Note that this model takes a mass flow approach: each piece of plastic produced must be accounted for in consumption and end of life. This means that the input data do not include consumption and waste volumes but, instead, derive them from fate propensities, trade, etc. This allows us to ensure our modeling is comprehensive of all plastic produced.


Changing projection years

Data are either "actuals" or projected. Historic actuals currently end in 2020 and projections run from 2021 to 2050. These start and end years can be modified in const.py using PROJECTION_START_YEAR and PROJECTION_END_YEAR. Depending on the data changing, users may also need to edit recirculate_secondary.sql and tasks_norm_lifecycle_template.py.


Using results downstream

Note that pipeline.zip provides outputs but downstream components will use the "official" versions by default. To carry changes forward to downstream steps, use the following:

  • For the GHG / polymer pipeline, a trade_inputs file is used. This only needs to be replaced if using different socioeconomic projections for GDP and population. Generally, data updates and additional regions do not require modification unless using updated data from the UN or OECD.
  • For the web application, replace data/web.csv with pipeline.zip/overview_ml.csv.

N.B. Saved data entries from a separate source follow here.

theorem lemma4p3:
  fixes B :: "nat \<Rightarrow> nat \<Rightarrow> nat \<Rightarrow> complex"
    and b M :: nat and ns :: "nat \<Rightarrow> nat" and BR :: "int \<Rightarrow> int \<Rightarrow> complex"
  assumes band: "\<And>n r s. \<bar>int r - int s\<bar> > int b \<Longrightarrow> B n r s = 0"
    and rl: "right_limit B ns BR"
  shows "\<forall>m\<in>{1..M}. (\<lambda>j. Cm m (ns j) (B (ns j))) \<longlonglongrightarrow> Dm m (trunc BR (b * M))"
proof
  fix m
  assume m: "m \<in> {1..M}"
  define As where "As j = shifted (ns j) (B (ns j))" for j
  have banded_As: "banded (As j) b" for j
    unfolding As_def using band by (rule banded_shifted)
  have lim: "entrywise_lim As BR"
    unfolding As_def using rl by (rule entrywise_lim_right_limit)
  have "(\<lambda>j. defect_sum m (trunc (As j) (b * M))) \<longlonglongrightarrow> defect_sum m (trunc BR (b * M))"
    by (rule tendsto_defect_sum[OF banded_trunc[OF banded_As] banded_trunc[OF banded_entrywise_lim[OF banded_As lim]]
          entrywise_lim_trunc[OF lim] rows_vanish_below_trunc rows_vanish_below_trunc])
  moreover have "Cm m (ns j) (B (ns j)) = defect_sum m (trunc (As j) (b * M))" for j
    unfolding As_def using m by (intro Cm_eq_defect_sum banded_shifted band) auto
  moreover have "Dm m (trunc BR (b * M)) = defect_sum m (trunc BR (b * M))"
    using m by (intro Dm_eq_defect_sum[OF rows_vanish_below_trunc]) auto
  ultimately show "(\<lambda>j. Cm m (ns j) (B (ns j))) \<longlonglongrightarrow> Dm m (trunc BR (b * M))"
    by simp
qed

end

These files can be replaced prior to pipeline / application exeuction. Note that these actions otherwise take place in CI / CD.


Units

Note that column or variable suffixes "MT" and "MMT" are used interchangibly at different moments in the pipeline for historical reasons that maintain compatibility with external datasets. Both mean million metric tons. The appropriate convention depends on the reference dataset being considered.